◆ **What you need to do**
Lines of the data that contain the word "shows" are the ones to copy.

◆ **Input for this task**
lemma keys_single_add_single: "keys (single a (1::nat) + single b 1) = {a, b}"
  by (auto simp: in_keys_iff lookup_add lookup_single when_def split: if_splits)

lemma minor_in_poly_ring:
  assumes "a \<in> box r" "b \<in> box r" "c \<in> box r" "d \<in> box r"
  shows "(var a * var b - var c * var d :: 'k::comm_ring_1 mpoly) \<in> poly_ring r"
proof -
  have "keys (var a * var b - var c * var d :: 'k mpoly) \<subseteq>
      keys (var a * var b :: 'k mpoly) \<union> keys (var c * var d :: 'k mpoly)"
    by (rule keys_diff)
  also have "\<dots> = {single a 1 + single b 1, single c 1 + single d 1}"
    by (auto simp: var_mult_var)
  finally have keys_minor: "keys (var a * var b - var c * var d :: 'k mpoly) \<subseteq>
      {single a 1 + single b 1, single c 1 + single d 1}" .
  show ?thesis unfolding poly_ring_def
  proof (intro CollectI ballI)
    fix m assume "m \<in> keys (var a * var b - var c * var d :: 'k mpoly)"
    then have "keys m \<subseteq> {a, b} \<or> keys m \<subseteq> {c, d}"
      using keys_minor keys_single_add_single[of a b] keys_single_add_single[of c d] by auto
    then show "keys m \<subseteq> box r" using assms by blast
  qed
qed

lemma minors2_subset_poly_ring: "minors2 r \<subseteq> (poly_ring r :: 'k::comm_ring_1 mpoly set)"
proof
  fix g :: "'k mpoly" assume "g \<in> minors2 r"
  then obtain a b l where "g = var a * var b - var (a[l := b ! l]) * var (b[l := a ! l])"
    and "a \<in> box r" "b \<in> box r" "l < length r" unfolding minors2_def by blast
  then show "g \<in> poly_ring r" by (simp add: minor_in_poly_ring list_update_in_box)
qed

lemma I2_subset_poly_ring: "I2 r \<subseteq> (poly_ring r :: 'k::comm_ring_1 mpoly set)"
proof
  fix f :: "'k mpoly" assume "f \<in> I2 r"
  then obtain S h where S: "S \<subseteq> minors2 r" "\<forall>g\<in>S. h g \<in> poly_ring r" "f = (\<Sum>g\<in>S. h g * g)"
    unfolding I2_def ideal_gen_def by blast
  have "h g * g \<in> poly_ring r" if "g \<in> S" for g
    using S(1,2) that minors2_subset_poly_ring poly_ring_mult by blast
  then show "f \<in> poly_ring r" unfolding S(3) by (rule poly_ring_sum)
qed

lemma minors2_subset_I2: "minors2 r \<subseteq> (I2 r :: 'k::comm_ring_1 mpoly set)"
proof
  fix g :: "'k mpoly" assume g: "g \<in> minors2 r"
  have "g = (\<Sum>g'\<in>{g}. 1 * g')" by simp
  moreover have "(1 :: 'k mpoly) \<in> poly_ring r" by (simp add: poly_ring_def)
  ultimately show "g \<in> I2 r" unfolding I2_def ideal_gen_def using g
    by (intro CollectI exI[of _ "{g}"] exI[of _ "\<lambda>_. 1"]) simp
qed

subsection \<open>The multigrading\<close>

text \<open>multideg m l x is the component (l, x) of the multidegree of m.\<close>
definition multideg :: "mon \<Rightarrow> nat \<Rightarrow> nat \<Rightarrow> nat" where
  "multideg m l x = (\<Sum>a\<in>{a\<in>keys m. a ! l = x}. lookup m a)"

lemma multideg_superset:
  "finite A \<Longrightarrow> keys m \<subseteq> A \<Longrightarrow> multideg m l x = (\<Sum>a\<in>{a\<in>A. a ! l = x}. lookup m a)"
  unfolding multideg_def by (rule sum.mono_neutral_left) (auto simp: in_keys_iff)

lemma multideg_add: "multideg (m1 + m2) l x = multideg m1 l x + multideg m2 l x"
proof -
  let ?A = "keys m1 \<union> keys m2"
  have "multideg (m1 + m2) l x = (\<Sum>a\<in>{a\<in>?A. a ! l = x}. lookup (m1 + m2) a)"
    by (rule multideg_superset[OF _ keys_add]) simp
  also have "\<dots> = (\<Sum>a\<in>{a\<in>?A. a ! l = x}. lookup m1 a) +
      (\<Sum>a\<in>{a\<in>?A. a ! l = x}. lookup m2 a)"
    by (simp add: lookup_add sum.distrib)
  also have "\<dots> = multideg m1 l x + multideg m2 l x"
    using multideg_superset[of ?A] by simp
  finally show ?thesis .
qed

lemma multideg_single: "multideg (single a (1::nat)) l x = (if a ! l = x then 1 else 0)"
proof -
  have "{a'\<in>keys (single a (1::nat)). a' ! l = x} = (if a ! l = x then {a} else {})" by auto
  then show ?thesis unfolding multideg_def by simp
qed

lemma multideg_exchange_index:
  assumes "a \<in> box r" "b \<in> box r" "L < length r"
  shows "multideg (single a 1 + single b 1) =
    multideg (single (a[L := b ! L]) 1 + single (b[L := a ! L]) 1)"
proof (intro ext)
  fix l x
  have "L < length a" "L < length b" using assms length_box by auto
  then show "multideg (single a 1 + single b 1) l x =
      multideg (single (a[L := b ! L]) 1 + single (b[L := a ! L]) 1) l x"
    unfolding multideg_add multideg_single by (cases "l = L") simp_all
qed

lemma mdeg_eq_sum_multideg:
  "box_monomial r m \<Longrightarrow> mdeg m = (\<Sum>x\<in>(\<lambda>a. a ! 0) ` box r. multideg m 0 x)"
  unfolding box_monomial_def
  using sum.image_gen[OF finite_box, of "lookup m" r "\<lambda>a. a ! 0"]
  by (simp add: mdeg_def multideg_superset[OF finite_box] sum.mono_neutral_left[OF finite_box]
      in_keys_iff)

definition multideg_coeff_sum :: "(nat \<Rightarrow> nat \<Rightarrow> nat) \<Rightarrow> 'k::comm_ring_1 mpoly \<Rightarrow> 'k" where
  "multideg_coeff_sum d p = (\<Sum>m\<in>{m\<in>keys p. multideg m = d}. lookup p m)"

lemma multideg_coeff_sum_superset:
  "finite A \<Longrightarrow> keys p \<subseteq> A \<Longrightarrow>
    multideg_coeff_sum d p = (\<Sum>m\<in>{m\<in>A. multideg m = d}. lookup p m)"
  unfolding multideg_coeff_sum_def by (rule sum.mono_neutral_left) (auto simp: in_keys_iff)

lemma multideg_coeff_sum_add:
  "multideg_coeff_sum d (p + q) = multideg_coeff_sum d p + multideg_coeff_sum d q"
proof -
  let ?A = "keys p \<union> keys q"
  have "multideg_coeff_sum d (p + q) = (\<Sum>m\<in>{m\<in>?A. multideg m = d}. lookup (p + q) m)"
    by (rule multideg_coeff_sum_superset[OF _ keys_add]) simp
  also have "\<dots> = (\<Sum>m\<in>{m\<in>?A. multideg m = d}. lookup p m) +
      (\<Sum>m\<in>{m\<in>?A. multideg m = d}. lookup q m)"
    by (simp add: lookup_add sum.distrib)
  also have "\<dots> = multideg_coeff_sum d p + multideg_coeff_sum d q"
    using multideg_coeff_sum_superset[of ?A, OF _ Un_upper1]
      multideg_coeff_sum_superset[of ?A, OF _ Un_upper2] by simp
  finally show ?thesis .
qed

lemma multideg_coeff_sum_diff:
  "multideg_coeff_sum d (p - q) = multideg_coeff_sum d p - multideg_coeff_sum d q"
  using multideg_coeff_sum_add[of d "p - q" q] by (simp add: eq_diff_eq)

lemma multideg_coeff_sum_sum:
  "multideg_coeff_sum d (sum f S) = (\<Sum>i\<in>S. multideg_coeff_sum d (f i))"
proof (induction S rule: infinite_finite_induct)
  case (insert i S)
  then show ?case by (simp add: multideg_coeff_sum_add)
qed (simp_all add: multideg_coeff_sum_def)

lemma multideg_coeff_sum_single:
  "multideg_coeff_sum d (single m c) = (if multideg m = d then c else 0)"
proof -
  have "{m'\<in>{m}. multideg m' = d} = (if multideg m = d then {m} else {})" by auto
  then show ?thesis by (simp add: multideg_coeff_sum_superset[of "{m}"])
qed

lemma sum_single_lookup: "p = (\<Sum>m\<in>keys p. single m (lookup p m))"
  by (rule poly_mapping_eqI) (simp add: lookup_sum lookup_single when_def sum.delta' in_keys_iff)

lemma multideg_coeff_sum_mult_single:
  "multideg_coeff_sum d (h * single \<mu> 1) =
    (\<Sum>m\<in>keys h. if (\<lambda>l x. multideg m l x + multideg \<mu> l x) = d then lookup h m else 0)"
proof -
  have "h * single \<mu> 1 = (\<Sum>m\<in>keys h. single (m + \<mu>) (lookup h m))"
    by (subst sum_single_lookup[of h]) (simp add: sum_distrib_right mult_single)
  moreover have "multideg (m + \<mu>) = (\<lambda>l x. multideg m l x + multideg \<mu> l x)" for m
    by (intro ext) (rule multideg_add)
  ultimately show ?thesis by (simp add: multideg_coeff_sum_sum multideg_coeff_sum_single)
qed

lemma multideg_coeff_sum_mult_binomial:
  "multideg \<mu>1 = multideg \<mu>2 \<Longrightarrow> multideg_coeff_sum d (h * (single \<mu>1 1 - single \<mu>2 1)) = 0"
  by (simp add: right_diff_distrib multideg_coeff_sum_diff multideg_coeff_sum_mult_single)

lemma multideg_coeff_sum_I2:
  assumes "f \<in> (I2 r :: 'k::comm_ring_1 mpoly set)"
  shows "multideg_coeff_sum d f = 0"
proof -
  obtain S h where S: "S \<subseteq> minors2 r" "f = (\<Sum>g\<in>S. h g * g)"
    using assms unfolding I2_def ideal_gen_def by blast
  have "multideg_coeff_sum d (h g * g) = 0" if "g \<in> minors2 r" for g
  proof -
    obtain a b l where g: "g = var a * var b - var (a[l := b ! l]) * var (b[l := a ! l])"
      and ab: "a \<in> box r" "b \<in> box r" "l < length r"
      using \<open>g \<in> minors2 r\<close> unfolding minors2_def by blast
    show ?thesis unfolding g var_mult_var
      by (rule multideg_coeff_sum_mult_binomial) (rule multideg_exchange_index[OF ab])
  qed
  then show ?thesis using S by (simp add: multideg_coeff_sum_sum subset_iff)
qed

lemma I2_multideg_partner:
  assumes "f \<in> (I2 r :: 'k::comm_ring_1 mpoly set)" "m \<in> keys f"
  shows "\<exists>m'\<in>keys f. m' \<noteq> m \<and> multideg m' = multideg m"
proof (rule ccontr)
  assume "\<not> ?thesis"
  then have "{m'\<in>keys f. multideg m' = multideg m} = {m}" using assms(2) by auto
  then have "multideg_coeff_sum (multideg m) f = lookup f m"
    unfolding multideg_coeff_sum_def by simp
  then show False using multideg_coeff_sum_I2[OF assms(1)] assms(2) by (simp add: in_keys_iff)
qed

◆ **Expected answer**
  shows "(var a * var b - var c * var d :: 'k::comm_ring_1 mpoly) \<in> poly_ring r"
  shows "multideg (single a 1 + single b 1) =
  shows "multideg_coeff_sum d f = 0"
  shows "\<exists>m'\<in>keys f. m' \<noteq> m \<and> multideg m' = multideg m"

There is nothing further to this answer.